### WORK INSTRUCTION
Within the data that follows, tally every line containing "noteq". Provide only the tally.

### DATA PROVIDED

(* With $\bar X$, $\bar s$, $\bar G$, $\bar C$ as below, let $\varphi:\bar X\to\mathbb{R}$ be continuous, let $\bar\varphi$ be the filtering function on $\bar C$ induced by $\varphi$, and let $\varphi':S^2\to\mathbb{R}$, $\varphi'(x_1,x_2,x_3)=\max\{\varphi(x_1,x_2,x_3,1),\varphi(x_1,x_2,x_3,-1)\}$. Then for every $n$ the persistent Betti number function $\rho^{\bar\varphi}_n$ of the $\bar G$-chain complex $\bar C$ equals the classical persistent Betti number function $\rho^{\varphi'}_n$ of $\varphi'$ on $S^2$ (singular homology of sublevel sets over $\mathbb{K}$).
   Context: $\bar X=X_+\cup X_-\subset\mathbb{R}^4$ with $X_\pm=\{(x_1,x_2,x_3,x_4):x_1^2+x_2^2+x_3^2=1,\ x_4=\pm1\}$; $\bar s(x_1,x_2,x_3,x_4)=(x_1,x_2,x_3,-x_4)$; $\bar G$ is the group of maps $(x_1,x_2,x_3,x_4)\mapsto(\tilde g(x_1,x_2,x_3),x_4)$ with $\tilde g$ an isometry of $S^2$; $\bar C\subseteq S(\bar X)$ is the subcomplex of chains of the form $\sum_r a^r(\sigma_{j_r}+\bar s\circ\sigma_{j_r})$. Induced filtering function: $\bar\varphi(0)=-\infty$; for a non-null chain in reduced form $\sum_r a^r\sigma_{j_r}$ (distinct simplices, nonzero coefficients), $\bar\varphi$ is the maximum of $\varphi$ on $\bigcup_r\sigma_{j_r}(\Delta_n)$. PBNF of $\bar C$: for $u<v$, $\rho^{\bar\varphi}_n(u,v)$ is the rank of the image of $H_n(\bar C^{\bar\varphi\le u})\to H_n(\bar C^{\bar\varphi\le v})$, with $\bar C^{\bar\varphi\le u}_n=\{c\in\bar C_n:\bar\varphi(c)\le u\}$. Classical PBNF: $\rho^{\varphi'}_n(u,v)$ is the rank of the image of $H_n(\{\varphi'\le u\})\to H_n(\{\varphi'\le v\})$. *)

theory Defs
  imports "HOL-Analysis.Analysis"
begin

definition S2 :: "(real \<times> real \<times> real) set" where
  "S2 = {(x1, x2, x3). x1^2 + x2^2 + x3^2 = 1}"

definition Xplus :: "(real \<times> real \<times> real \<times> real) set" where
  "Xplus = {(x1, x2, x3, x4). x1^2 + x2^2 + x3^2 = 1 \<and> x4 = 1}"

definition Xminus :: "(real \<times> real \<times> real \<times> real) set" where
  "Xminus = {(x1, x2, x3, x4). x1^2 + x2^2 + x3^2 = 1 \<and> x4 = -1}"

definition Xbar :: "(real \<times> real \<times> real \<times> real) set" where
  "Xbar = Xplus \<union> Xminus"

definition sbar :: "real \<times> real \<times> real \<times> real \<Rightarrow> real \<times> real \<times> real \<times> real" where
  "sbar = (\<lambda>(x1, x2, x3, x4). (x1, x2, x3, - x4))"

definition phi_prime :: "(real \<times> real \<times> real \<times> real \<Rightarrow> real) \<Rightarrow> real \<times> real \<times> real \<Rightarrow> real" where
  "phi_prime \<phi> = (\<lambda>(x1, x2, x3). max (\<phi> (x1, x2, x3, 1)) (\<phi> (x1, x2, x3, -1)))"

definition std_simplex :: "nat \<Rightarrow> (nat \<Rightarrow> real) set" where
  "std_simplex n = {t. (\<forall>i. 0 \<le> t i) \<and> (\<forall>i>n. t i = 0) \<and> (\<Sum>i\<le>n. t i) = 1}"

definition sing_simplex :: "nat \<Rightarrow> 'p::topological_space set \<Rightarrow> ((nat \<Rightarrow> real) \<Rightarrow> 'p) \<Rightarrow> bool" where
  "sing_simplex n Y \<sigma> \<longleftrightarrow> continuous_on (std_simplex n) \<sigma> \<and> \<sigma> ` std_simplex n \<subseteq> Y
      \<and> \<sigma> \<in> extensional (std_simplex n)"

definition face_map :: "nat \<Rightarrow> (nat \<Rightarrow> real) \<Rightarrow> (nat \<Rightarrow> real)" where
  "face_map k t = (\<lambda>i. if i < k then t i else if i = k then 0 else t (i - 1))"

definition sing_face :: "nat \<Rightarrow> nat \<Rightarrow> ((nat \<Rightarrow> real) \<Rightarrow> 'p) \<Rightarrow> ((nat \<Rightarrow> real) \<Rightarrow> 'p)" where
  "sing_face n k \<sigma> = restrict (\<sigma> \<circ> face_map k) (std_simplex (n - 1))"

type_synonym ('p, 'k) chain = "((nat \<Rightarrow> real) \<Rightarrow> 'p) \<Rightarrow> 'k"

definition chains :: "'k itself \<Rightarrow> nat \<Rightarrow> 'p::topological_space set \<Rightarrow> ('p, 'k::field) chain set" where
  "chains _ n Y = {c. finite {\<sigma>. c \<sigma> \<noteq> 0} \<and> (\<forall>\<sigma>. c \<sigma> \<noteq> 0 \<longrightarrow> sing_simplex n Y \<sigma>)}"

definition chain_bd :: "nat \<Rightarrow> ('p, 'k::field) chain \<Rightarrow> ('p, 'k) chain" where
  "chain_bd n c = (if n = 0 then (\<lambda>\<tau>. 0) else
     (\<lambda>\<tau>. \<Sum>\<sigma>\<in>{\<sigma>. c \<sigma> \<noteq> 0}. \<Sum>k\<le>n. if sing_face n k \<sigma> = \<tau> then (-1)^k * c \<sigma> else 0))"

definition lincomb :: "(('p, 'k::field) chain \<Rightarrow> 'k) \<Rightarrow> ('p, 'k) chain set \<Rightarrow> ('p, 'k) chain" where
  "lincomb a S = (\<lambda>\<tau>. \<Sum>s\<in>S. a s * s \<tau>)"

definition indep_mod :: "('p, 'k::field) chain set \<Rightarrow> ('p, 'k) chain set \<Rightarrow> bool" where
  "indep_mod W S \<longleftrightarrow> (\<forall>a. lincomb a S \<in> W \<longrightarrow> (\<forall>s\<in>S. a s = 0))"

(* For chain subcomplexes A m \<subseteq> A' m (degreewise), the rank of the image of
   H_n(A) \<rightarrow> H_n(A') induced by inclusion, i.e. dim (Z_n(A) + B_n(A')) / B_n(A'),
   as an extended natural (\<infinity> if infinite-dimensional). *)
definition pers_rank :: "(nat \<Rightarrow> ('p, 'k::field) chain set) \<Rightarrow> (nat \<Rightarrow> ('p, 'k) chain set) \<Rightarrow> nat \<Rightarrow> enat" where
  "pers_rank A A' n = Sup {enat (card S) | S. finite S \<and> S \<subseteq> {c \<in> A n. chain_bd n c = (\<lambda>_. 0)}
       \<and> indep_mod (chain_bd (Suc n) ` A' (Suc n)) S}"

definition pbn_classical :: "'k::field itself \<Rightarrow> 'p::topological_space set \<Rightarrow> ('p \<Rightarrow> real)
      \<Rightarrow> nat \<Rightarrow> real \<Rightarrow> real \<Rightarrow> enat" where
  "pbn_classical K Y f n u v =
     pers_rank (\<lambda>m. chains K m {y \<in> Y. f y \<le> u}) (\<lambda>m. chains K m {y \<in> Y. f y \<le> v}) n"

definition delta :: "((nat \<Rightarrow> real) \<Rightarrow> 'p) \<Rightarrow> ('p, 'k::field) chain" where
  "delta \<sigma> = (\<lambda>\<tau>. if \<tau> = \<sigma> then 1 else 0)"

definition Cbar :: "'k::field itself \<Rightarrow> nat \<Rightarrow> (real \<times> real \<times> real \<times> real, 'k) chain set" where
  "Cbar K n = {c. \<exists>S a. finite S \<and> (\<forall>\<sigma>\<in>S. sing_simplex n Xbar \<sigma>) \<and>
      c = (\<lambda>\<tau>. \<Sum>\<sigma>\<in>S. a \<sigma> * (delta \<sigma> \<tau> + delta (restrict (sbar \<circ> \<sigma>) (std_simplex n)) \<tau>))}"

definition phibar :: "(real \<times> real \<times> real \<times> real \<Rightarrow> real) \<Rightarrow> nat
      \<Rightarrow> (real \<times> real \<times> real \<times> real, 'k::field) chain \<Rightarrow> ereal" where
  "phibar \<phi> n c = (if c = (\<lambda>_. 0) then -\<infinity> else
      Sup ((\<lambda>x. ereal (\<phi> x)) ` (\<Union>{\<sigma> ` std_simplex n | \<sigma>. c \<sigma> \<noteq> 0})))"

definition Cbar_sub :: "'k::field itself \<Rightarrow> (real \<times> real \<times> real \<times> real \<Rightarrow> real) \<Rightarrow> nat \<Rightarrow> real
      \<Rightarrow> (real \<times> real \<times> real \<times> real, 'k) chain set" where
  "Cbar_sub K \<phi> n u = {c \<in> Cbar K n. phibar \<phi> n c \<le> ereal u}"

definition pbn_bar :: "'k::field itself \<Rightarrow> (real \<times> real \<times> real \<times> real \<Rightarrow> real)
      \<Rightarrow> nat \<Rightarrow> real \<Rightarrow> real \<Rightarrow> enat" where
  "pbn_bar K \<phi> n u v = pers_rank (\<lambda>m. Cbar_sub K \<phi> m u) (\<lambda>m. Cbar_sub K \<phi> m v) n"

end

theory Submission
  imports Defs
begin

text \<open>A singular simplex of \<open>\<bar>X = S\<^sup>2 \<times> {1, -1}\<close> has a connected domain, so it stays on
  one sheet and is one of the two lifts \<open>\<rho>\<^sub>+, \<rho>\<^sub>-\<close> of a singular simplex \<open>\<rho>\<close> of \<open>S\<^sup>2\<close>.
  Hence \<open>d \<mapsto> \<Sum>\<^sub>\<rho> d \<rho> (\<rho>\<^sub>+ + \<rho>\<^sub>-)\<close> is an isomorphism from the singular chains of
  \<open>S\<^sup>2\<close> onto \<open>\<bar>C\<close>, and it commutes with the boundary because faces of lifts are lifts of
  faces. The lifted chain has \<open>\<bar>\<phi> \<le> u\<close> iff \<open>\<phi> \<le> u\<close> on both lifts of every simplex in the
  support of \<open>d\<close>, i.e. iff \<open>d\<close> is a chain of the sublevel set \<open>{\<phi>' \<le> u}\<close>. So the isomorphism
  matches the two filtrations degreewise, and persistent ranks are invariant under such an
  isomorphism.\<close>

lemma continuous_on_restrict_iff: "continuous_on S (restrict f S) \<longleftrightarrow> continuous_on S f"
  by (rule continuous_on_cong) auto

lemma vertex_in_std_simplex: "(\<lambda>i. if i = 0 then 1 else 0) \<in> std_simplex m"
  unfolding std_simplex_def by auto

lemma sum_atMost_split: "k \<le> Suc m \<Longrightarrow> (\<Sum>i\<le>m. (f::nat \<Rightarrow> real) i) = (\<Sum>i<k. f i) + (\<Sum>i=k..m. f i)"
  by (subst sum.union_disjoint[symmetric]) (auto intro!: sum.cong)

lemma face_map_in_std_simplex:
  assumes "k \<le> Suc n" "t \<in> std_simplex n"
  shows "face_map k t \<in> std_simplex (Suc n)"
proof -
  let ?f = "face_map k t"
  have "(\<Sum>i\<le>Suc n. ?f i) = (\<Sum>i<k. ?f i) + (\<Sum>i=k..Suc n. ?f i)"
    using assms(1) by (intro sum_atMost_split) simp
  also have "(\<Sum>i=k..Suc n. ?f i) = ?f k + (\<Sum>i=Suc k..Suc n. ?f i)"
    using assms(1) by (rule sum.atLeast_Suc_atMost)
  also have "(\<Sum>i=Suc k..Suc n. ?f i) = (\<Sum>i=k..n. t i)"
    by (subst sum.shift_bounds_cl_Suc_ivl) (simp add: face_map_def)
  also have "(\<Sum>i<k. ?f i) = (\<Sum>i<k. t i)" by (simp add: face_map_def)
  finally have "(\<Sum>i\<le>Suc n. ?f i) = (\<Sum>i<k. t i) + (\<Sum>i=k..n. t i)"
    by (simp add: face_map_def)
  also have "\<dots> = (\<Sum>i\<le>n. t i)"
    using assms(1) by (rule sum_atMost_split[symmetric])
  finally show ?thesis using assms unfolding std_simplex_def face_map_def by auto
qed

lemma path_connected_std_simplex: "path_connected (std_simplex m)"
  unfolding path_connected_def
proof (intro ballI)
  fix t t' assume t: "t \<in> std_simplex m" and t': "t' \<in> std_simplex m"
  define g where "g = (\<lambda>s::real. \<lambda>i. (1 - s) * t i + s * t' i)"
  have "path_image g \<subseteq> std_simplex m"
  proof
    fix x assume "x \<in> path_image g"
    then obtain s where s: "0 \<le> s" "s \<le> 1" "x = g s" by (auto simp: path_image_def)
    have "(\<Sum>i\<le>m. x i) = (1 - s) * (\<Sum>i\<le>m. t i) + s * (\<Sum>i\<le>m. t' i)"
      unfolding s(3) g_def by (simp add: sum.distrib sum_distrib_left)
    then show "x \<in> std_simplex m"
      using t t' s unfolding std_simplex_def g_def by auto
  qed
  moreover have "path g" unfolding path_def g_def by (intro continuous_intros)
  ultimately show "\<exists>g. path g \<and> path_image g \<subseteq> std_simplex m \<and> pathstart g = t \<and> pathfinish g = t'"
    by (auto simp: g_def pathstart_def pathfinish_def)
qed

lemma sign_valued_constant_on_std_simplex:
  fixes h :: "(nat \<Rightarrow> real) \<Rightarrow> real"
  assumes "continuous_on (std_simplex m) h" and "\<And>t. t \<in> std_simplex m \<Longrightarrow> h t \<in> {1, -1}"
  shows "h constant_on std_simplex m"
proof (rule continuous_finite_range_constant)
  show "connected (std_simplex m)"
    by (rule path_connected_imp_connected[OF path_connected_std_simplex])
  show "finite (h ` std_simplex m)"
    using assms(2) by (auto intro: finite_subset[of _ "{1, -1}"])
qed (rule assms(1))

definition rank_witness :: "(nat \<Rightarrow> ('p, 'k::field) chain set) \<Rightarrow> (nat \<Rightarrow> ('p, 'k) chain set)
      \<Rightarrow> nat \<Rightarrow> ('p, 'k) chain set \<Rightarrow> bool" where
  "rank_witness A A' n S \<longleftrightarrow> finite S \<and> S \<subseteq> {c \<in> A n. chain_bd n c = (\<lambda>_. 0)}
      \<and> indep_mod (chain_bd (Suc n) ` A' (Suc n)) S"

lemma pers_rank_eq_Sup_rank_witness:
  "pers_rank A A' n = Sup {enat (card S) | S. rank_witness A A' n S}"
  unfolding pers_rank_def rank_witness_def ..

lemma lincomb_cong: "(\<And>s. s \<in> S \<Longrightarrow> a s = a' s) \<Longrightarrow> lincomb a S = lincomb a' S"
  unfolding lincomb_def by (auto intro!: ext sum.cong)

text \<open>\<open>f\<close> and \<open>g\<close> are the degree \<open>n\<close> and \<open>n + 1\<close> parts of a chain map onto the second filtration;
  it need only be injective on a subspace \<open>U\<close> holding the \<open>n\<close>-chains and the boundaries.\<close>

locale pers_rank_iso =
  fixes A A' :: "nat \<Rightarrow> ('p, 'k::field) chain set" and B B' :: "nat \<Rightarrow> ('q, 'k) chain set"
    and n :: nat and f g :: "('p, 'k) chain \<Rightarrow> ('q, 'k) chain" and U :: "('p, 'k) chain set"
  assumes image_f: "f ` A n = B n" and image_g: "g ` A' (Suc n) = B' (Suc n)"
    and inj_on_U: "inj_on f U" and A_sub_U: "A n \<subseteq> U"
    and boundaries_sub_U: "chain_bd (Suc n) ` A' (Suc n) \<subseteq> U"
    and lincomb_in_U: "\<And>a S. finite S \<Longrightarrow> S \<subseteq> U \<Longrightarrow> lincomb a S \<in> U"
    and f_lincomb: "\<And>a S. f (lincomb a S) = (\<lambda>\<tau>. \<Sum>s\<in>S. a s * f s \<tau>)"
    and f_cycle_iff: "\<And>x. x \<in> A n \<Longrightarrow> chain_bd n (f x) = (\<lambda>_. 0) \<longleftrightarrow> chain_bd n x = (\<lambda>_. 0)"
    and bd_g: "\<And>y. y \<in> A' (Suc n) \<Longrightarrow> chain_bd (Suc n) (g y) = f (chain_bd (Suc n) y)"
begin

### REPLY TO THE EXERCISE
3